In this post, we will demonstrate various integrations utilizing parallel methods to speed up a couple of common Labelbox functionalities. Please note these scripts utilize Labelbox SDK version 59.0 and could be outdated in later releases. I will try to update this post as new features are released, but this is not a guarantee.
Please feel free to modify these scripts to your needs, but use them at your own risk.
Upload Data Rows to Labelbox
This method uses multithreading to increase the speed of getting data rows on the platform. With this function, you will need to have a list of created data row dictionaries. Please reference these documents for more information. I recommend not going past more than four threads to avoid overwhelming the platform and receiving errors.
import labelbox as lb
from concurrent.futures import ThreadPoolExecutor
def upload_data_rows_threading(
assets: list[dict[str:str]],
dataset: lb.Dataset,
batch_size: int,
workers: int = 4) -> list[lb.Task]:
"""Upload data rows to Labelbox in parallel
args:
assets(list[dict[str:str]]): List of data row dictionaries
dataset(lb.Dataset): Labelbox dataset
batch_size(int): Amount of data rows per parallel operation
workers(int): Amount of threads used
returns:
tasks(list[lb.Task]): List of Labelbox task objects
"""
# Divide data rows in different batches
payload = [assets[i:i+batch_size] for i in range(0, len(assets), batch_size)]
# Callback function used with ThreadPoolExecutor
def threading_callback(assets: list[dict[str:str]]):
try:
task = dataset.create_data_rows(assets)
task.wait_till_done(1800, 6)
if task.errors:
print(task.errors)
return task
except:
return task
with ThreadPoolExecutor(max_workers=workers) as executer:
results:list[lb.Task] = list(executer.map(threading_callback, payload))
return results
When utilizing this script, you can view your upload progress inside the UI by navigating to the notification center. Each thread is represented by a task, these task are returned as a list of task objects that you could iterator through to get more information. For the task.wait_till_done()
method, adjust these parameters if you hit your API limit.
Download Segment Mask Files from Labelbox URL
Export Mask URLs
First, we need to get our mask URLs from our project.
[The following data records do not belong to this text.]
theorem lemma2p22:
  fixes N :: nat and beta :: "nat list" and zeta :: "(nat \<Rightarrow> complex) \<times> complex"
    and w :: Welt and i :: nat
    and \<iota> :: "complex \<Rightarrow> 'a::ring_1" and g :: "Welt \<Rightarrow> 'a" and Y :: "nat \<Rightarrow> 'a" and Z :: 'a
    and act :: "'a \<Rightarrow> 'm::ab_group_add \<Rightarrow> 'm" and v :: 'm
  assumes "2 \<le> N"
    and "ordered_partition N beta"
    and "zeta \<in> zeta_beta N beta"
    and "w \<in> Wbeta_min N beta"
    and "i \<in> {1..N-1}"
    and "(i, Suc i, 0) \<in> Wact_root w ` Rbeta_pos N beta"
    and "dDAHA_hom N \<iota> g Y Z"
    and "is_module act"
    and "\<forall>u \<in> Wbar_beta N beta. act (g u) v = v"
    and "\<forall>xi \<in> tset N. act (hmap \<iota> Y Z N xi) v = act (\<iota> (zeta_eval N zeta xi)) v"
  shows "\<forall>k js. reduced_expr N w k js \<longrightarrow>
           act (g (sgen N i) * phi_expr N \<iota> g Y Z k js) v = act (phi_expr N \<iota> g Y Z k js) v"
proof (intro allI impI)
  fix k js
  assume re: "reduced_expr N w k js"
  interpret dDAHA_image N \<iota> g Y Z using assms(1,7) by unfold_locales
  define P where "P = Wpow (piW N) k"
  have js: "reduced_word N js" and w: "w = Wmult P (Wword N js)"
    using reduced_expr_reduced_word[OF assms(1) re] by (simp_all add: P_def)
  have i: "i < N" "alpha_simple N i = (i, Suc i, 0)" using assms(5) by (auto simp: alpha_simple_def)
  obtain j i' where j: "j \<in> Pi_beta N beta" and i': "i' < N" "Wact_root P (alpha_simple N i') = alpha_simple N i"
    and xj: "Wact_root (Wword N js) (alpha_simple N j) = alpha_simple N i'"
    using Wbeta_min_simple_preimage[OF assms(1) assms(4)[unfolded w]
        diagram_aut_Wpow_piW[OF assms(1), of k, folded P_def] js i(1)] assms(6) w i(2)
    by metis
  have jN: "j < N" using j by (auto simp: Pi_beta_def)
  have "phi_expr N \<iota> g Y Z k js = g P * prod_list (map phi js)"
    using phi_expr_eq js by (simp add: P_def reduced_word_def)
  moreover have "act (Ycoroot (alpha_simple N j)) v = - v"
    using act_Ycoroot_Pi_beta[OF assms(8,3) j assms(10)] .
  moreover note phi_intertwiner_conj[OF js i(1) jN i'(1) xj intertwines_Ycoroot_Wpow_piW[of k, folded P_def] i'(2)]
  moreover have "act (g (sgen N j)) v = v" using assms(9) sgen_Wbar_beta[OF j] by blast
  ultimately show "act (g (sgen N i) * phi_expr N \<iota> g Y Z k js) v = act (phi_expr N \<iota> g Y Z k js) v"
    using g_sgen_fixes_intertwined_vector[OF assms(8)] by simp
qed

end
This script is a general demonstration of receiving the mask URLs by exporting your data rows from a project and appending them to a list. You could need to modify this script depending on how your labels are set up. Please reference these documents for an overview of masks.
import labelbox as lb
client = lb.Client("<API Key>")
project = client.get_project("<Project Id>")
export = project.export_v2()
export.wait_till_done()
export_json = export.result
mask_urls = []
for data_row in export_json:
labels = data_row["projects"][project.uid]["labels"]
for label in labels:
objects = label["annotations"]["objects"]
for obj in objects:
if "mask" in obj.keys():
mask_urls.append(
obj["mask"]["url"]
)
Download Mask Images
Once we have our mask URLs in a list, we can pass them to our parallel operation. In this script, we are using multiprocessing since you will likely modify the images, which could be processing intensive.
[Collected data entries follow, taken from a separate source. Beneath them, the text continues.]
theorem proposition1:
  fixes \<I> :: "'i set" and \<omega> :: "'i \<Rightarrow> real"
    and w :: "'i \<Rightarrow> 'l::finite set \<Rightarrow> real"
    and p :: "'i \<Rightarrow> 'x::euclidean_space \<Rightarrow> 'l \<Rightarrow> 'l set \<Rightarrow> real"
  assumes fin: "finite \<I>"
    and om_nonneg: "\<forall>i\<in>\<I>. 0 \<le> \<omega> i"
    and om_sum: "(\<Sum>i\<in>\<I>. \<omega> i) = 1"
    and glmb: "\<forall>i\<in>\<I>. is_mdglmb_param (w i) (p i)"
    and eta_pos: "\<forall>L. \<forall>l\<in>L. eta \<I> \<omega> p L l > 0"
    and den_pos: "(\<Sum>J\<in>UNIV. (\<Prod>i\<in>\<I>. gpow (w i J) (\<omega> i)) * (\<Prod>l\<in>J. eta \<I> \<omega> p J l)) > 0"
  shows "let S = (\<Sum>J\<in>UNIV. (\<Prod>i\<in>\<I>. gpow (w i J) (\<omega> i)) * (\<Prod>l\<in>J. eta \<I> \<omega> p J l));
             wbar = (\<lambda>L. (\<Prod>i\<in>\<I>. gpow (w i L) (\<omega> i)) * (\<Prod>l\<in>L. eta \<I> \<omega> p L l) / S);
             pbar = (\<lambda>x l L. (\<Prod>i\<in>\<I>. gpow (p i x l L) (\<omega> i)) / eta \<I> \<omega> p L l)
         in is_mdglmb_param wbar pbar \<and>
            (\<forall>X. finite X \<longrightarrow>
               geo_mean \<I> \<omega> (\<lambda>i. mdglmb (w i) (p i)) X = mdglmb wbar pbar X)"
proof -
  define W where "W = (\<lambda>L. \<Prod>i\<in>\<I>. gpow (w i L) (\<omega> i))"
  define q where "q = (\<lambda>x l L. \<Prod>i\<in>\<I>. gpow (p i x l L) (\<omega> i))"
  define S where "S = (\<Sum>J\<in>UNIV. W J * (\<Prod>l\<in>J. eta \<I> \<omega> p J l))"
  define wbar where "wbar = (\<lambda>L. W L * (\<Prod>l\<in>L. eta \<I> \<omega> p L l) / S)"
  define pbar where "pbar = (\<lambda>x l L. q x l L / eta \<I> \<omega> p L l)"
  have eta_q: "eta \<I> \<omega> p L l = integral\<^sup>L lborel (\<lambda>x. q x l L)" for L l
    by (simp add: eta_def q_def)
  have q_integrable: "integrable lborel (\<lambda>x. q x l L)" if "l \<in> L" for L l
    using eta_pos that not_integrable_integral_eq[of lborel "\<lambda>x. q x l L"] by (force simp: eta_q)
  have geo: "(\<lambda>X. \<Prod>i\<in>\<I>. gpow (mdglmb (w i) (p i) X) (\<omega> i)) = mdglmb W q"
    using glmb unfolding W_def q_def
    by (intro ext prod_gpow_mdglmb[OF om_sum]) (auto simp: is_mdglmb_param_def is_density_def)
  have mass: "mo_set_integral (mdglmb W q) = S"
    unfolding S_def eta_q by (rule mo_set_integral_mdglmb[OF q_integrable])
  have "geo_mean \<I> \<omega> (\<lambda>i. mdglmb (w i) (p i)) X = mdglmb W q X / S" for X
    unfolding geo_mean_def geo mass using fun_cong[OF geo, of X] by simp
  moreover have "mdglmb W q X / S = mdglmb wbar pbar X" if "finite X" for X
    using eta_pos unfolding wbar_def pbar_def by (intro mdglmb_rescale[OF that]) (metis less_irrefl)
  moreover have "is_mdglmb_param wbar pbar"
    using eta_pos den_pos q_integrable unfolding wbar_def pbar_def
    by (intro is_mdglmb_param_normalize)
       (auto simp: W_def q_def S_def eta_q prod_nonneg gpow_nonneg has_bochner_integral_integrable)
  ultimately show ?thesis
    unfolding Let_def wbar_def pbar_def W_def q_def S_def by auto
qed

end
The processing callback has to be located in a separate Python file and imported into our processing operation.
Processing Callback
from PIL import Image
from uuid import uuid4
import labelbox as lb
import urllib.request
client = lb.Client("<API Key>")
def processing_callback(mask_url: str):
# Receive image and open with pillow to save image
req = urllib.request.Request(mask_url, headers=client.headers)
image = Image.open(urllib.request.urlopen(req))
image.save(f"./image-{str(uuid4())}.jpeg")
Processing Operation
from concurrent.futures import ProcessPoolExecutor
import multiprocessing
from processing import processing_callback
# Get CPU core count subtract by two
num_workers = multiprocessing.cpu_count() - 2
with ProcessPoolExecutor(num_workers) as pool:
pool.map(processing_callback, mask_urls)